_Assignment_
Restate, word for word, the lines from the opening line of the data through the line containing "y k) \<noteq>", both included, and nothing else.

Saved data entries:
────────────────────────────────────────

fun lr_scan :: "(nat \<Rightarrow> nat) \<Rightarrow> nat \<Rightarrow> nat \<Rightarrow> nat \<times> nat" where
  "lr_scan M y 0 = (0, 0)"
| "lr_scan M y (Suc k) =
     (if y < Suc k + M (Suc k) \<and> fst (lr_scan M y k) < M (Suc k)
      then (M (Suc k), Suc k) else lr_scan M y k)"

lemma lr_scan_maximal:
  "1 \<le> i \<Longrightarrow> i \<le> k \<Longrightarrow> y < i + M i \<Longrightarrow> M i \<le> fst (lr_scan M y k)"
  by (induction k) (auto simp: le_Suc_eq)

lemma lr_scan_attained:
  assumes "0 < fst (lr_scan M y k)"
  shows "1 \<le> snd (lr_scan M y k) \<and> snd (lr_scan M y k) \<le> k \<and>
    y < snd (lr_scan M y k) + M (snd (lr_scan M y k)) \<and> M (snd (lr_scan M y k)) = fst (lr_scan M y k)"
  using assms by (induction k) auto

lemma lr_scan_leftmost:
  "1 \<le> i \<Longrightarrow> i < snd (lr_scan M y k) \<Longrightarrow> y < i + M i \<Longrightarrow> M i < fst (lr_scan M y k)"
proof (induction k)
  case (Suc k)
  then show ?case using lr_scan_maximal[of i k y M] lr_scan_attained[of M y k]
    by (auto split: if_splits)
qed simp

lemma lr_scan_fst_0: "fst (lr_scan M y k) = 0 \<Longrightarrow> lr_scan M y k = (0, 0)"
  by (induction k) auto

lemma lr_scan_bounded:
  assumes "\<And>i. 1 \<le> i \<Longrightarrow> i \<le> k \<Longrightarrow> i + M i \<le> Suc n"
  shows "snd (lr_scan M y k) + fst (lr_scan M y k) \<le> Suc n" "snd (lr_scan M y k) \<le> k"
    "fst (lr_scan M y k) \<noteq> 0 \<Longrightarrow> 1 \<le> snd (lr_scan M y k)"
  using assms lr_scan_attained[of M y k] lr_scan_fst_0[of M y k] by (cases "fst (lr_scan M y k) = 0"; force)+

definition lr_result :: "nat \<times> nat \<Rightarrow> (nat \<times> nat) option" where
  "lr_result b = (if fst b = 0 then None else Some (snd b, snd b + fst b - 1))"

lemma correct_answer_lr_scan:
  assumes repeat_iff: "\<And>i j. is_repeat S i j \<longleftrightarrow> 1 \<le> i \<and> i \<le> j \<and> j \<le> length S \<and> Suc j - i \<le> M i"
    and bound: "\<And>i. 1 \<le> i \<Longrightarrow> i \<le> length S \<Longrightarrow> i + M i \<le> Suc (length S)"
    and xy: "1 \<le> x" "x \<le> y" "y \<le> length S"
  shows "correct_answer S x y (lr_result (lr_scan M y x))"
proof -
  obtain l b where lb: "lr_scan M y x = (l, b)" by fastforce
  have covering: "1 \<le> i \<and> i \<le> x \<and> y < i + M i \<and> j - i < M i"
    if "is_repeat S i j" "covers i j x y" for i j
    using that repeat_iff[of i j] unfolding covers_def by auto
  have maximal: "M i \<le> l" if "1 \<le> i" "i \<le> x" "y < i + M i" for i
    using lr_scan_maximal[of i x y M] that lb by simp
  show ?thesis
  proof (cases "l = 0")
    case True
    have "\<not> is_LR S x y i j" for i j
      using covering[of i j] maximal[of i] True unfolding is_LR_def by fastforce
    then show ?thesis using True lb by (simp add: correct_answer_def lr_result_def)
  next
    case False
    then have b: "1 \<le> b" "b \<le> x" "y < b + l" "M b = l"
      using lr_scan_attained[of M y x] lb by auto
    have "is_repeat S b (b + l - 1)"
      using repeat_iff b bound[of b] xy False by auto
    moreover have "covers b (b + l - 1) x y" using b xy unfolding covers_def by auto
    moreover have "j - i \<le> b + l - 1 - b" if "is_repeat S i j" "covers i j x y" for i j
      using covering[OF that] maximal[of i] by fastforce
    ultimately have LR: "is_LR S x y b (b + l - 1)" unfolding is_LR_def by blast
    have "b \<le> i" if "is_LR S x y i j" for i j
    proof (rule ccontr)
      assume "\<not> b \<le> i"
      have "is_repeat S i j" "covers i j x y" using that unfolding is_LR_def by auto
      moreover have "b + l - 1 - b \<le> j - i" using that LR unfolding is_LR_def by blast
      ultimately show False
        using covering lr_scan_leftmost[of i M y x] lb \<open>\<not> b \<le> i\<close> by fastforce
    qed
    then show ?thesis using LR False lb
      by (simp add: correct_answer_def lr_result_def is_leftmost_LR_def)
  qed
qed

────────────────────────────────────────

_Exercise output_
fun lr_scan :: "(nat \<Rightarrow> nat) \<Rightarrow> nat \<Rightarrow> nat \<Rightarrow> nat \<times> nat" where
  "lr_scan M y 0 = (0, 0)"
| "lr_scan M y (Suc k) =
     (if y < Suc k + M (Suc k) \<and> fst (lr_scan M y k) < M (Suc k)
      then (M (Suc k), Suc k) else lr_scan M y k)"

lemma lr_scan_maximal:
  "1 \<le> i \<Longrightarrow> i \<le> k \<Longrightarrow> y < i + M i \<Longrightarrow> M i \<le> fst (lr_scan M y k)"
  by (induction k) (auto simp: le_Suc_eq)

lemma lr_scan_attained:
  assumes "0 < fst (lr_scan M y k)"
  shows "1 \<le> snd (lr_scan M y k) \<and> snd (lr_scan M y k) \<le> k \<and>
    y < snd (lr_scan M y k) + M (snd (lr_scan M y k)) \<and> M (snd (lr_scan M y k)) = fst (lr_scan M y k)"
  using assms by (induction k) auto

lemma lr_scan_leftmost:
  "1 \<le> i \<Longrightarrow> i < snd (lr_scan M y k) \<Longrightarrow> y < i + M i \<Longrightarrow> M i < fst (lr_scan M y k)"
proof (induction k)
  case (Suc k)
  then show ?case using lr_scan_maximal[of i k y M] lr_scan_attained[of M y k]
    by (auto split: if_splits)
qed simp

lemma lr_scan_fst_0: "fst (lr_scan M y k) = 0 \<Longrightarrow> lr_scan M y k = (0, 0)"
  by (induction k) auto

lemma lr_scan_bounded:
  assumes "\<And>i. 1 \<le> i \<Longrightarrow> i \<le> k \<Longrightarrow> i + M i \<le> Suc n"
  shows "snd (lr_scan M y k) + fst (lr_scan M y k) \<le> Suc n" "snd (lr_scan M y k) \<le> k"
    "fst (lr_scan M y k) \<noteq> 0 \<Longrightarrow> 1 \<le> snd (lr_scan M y k)"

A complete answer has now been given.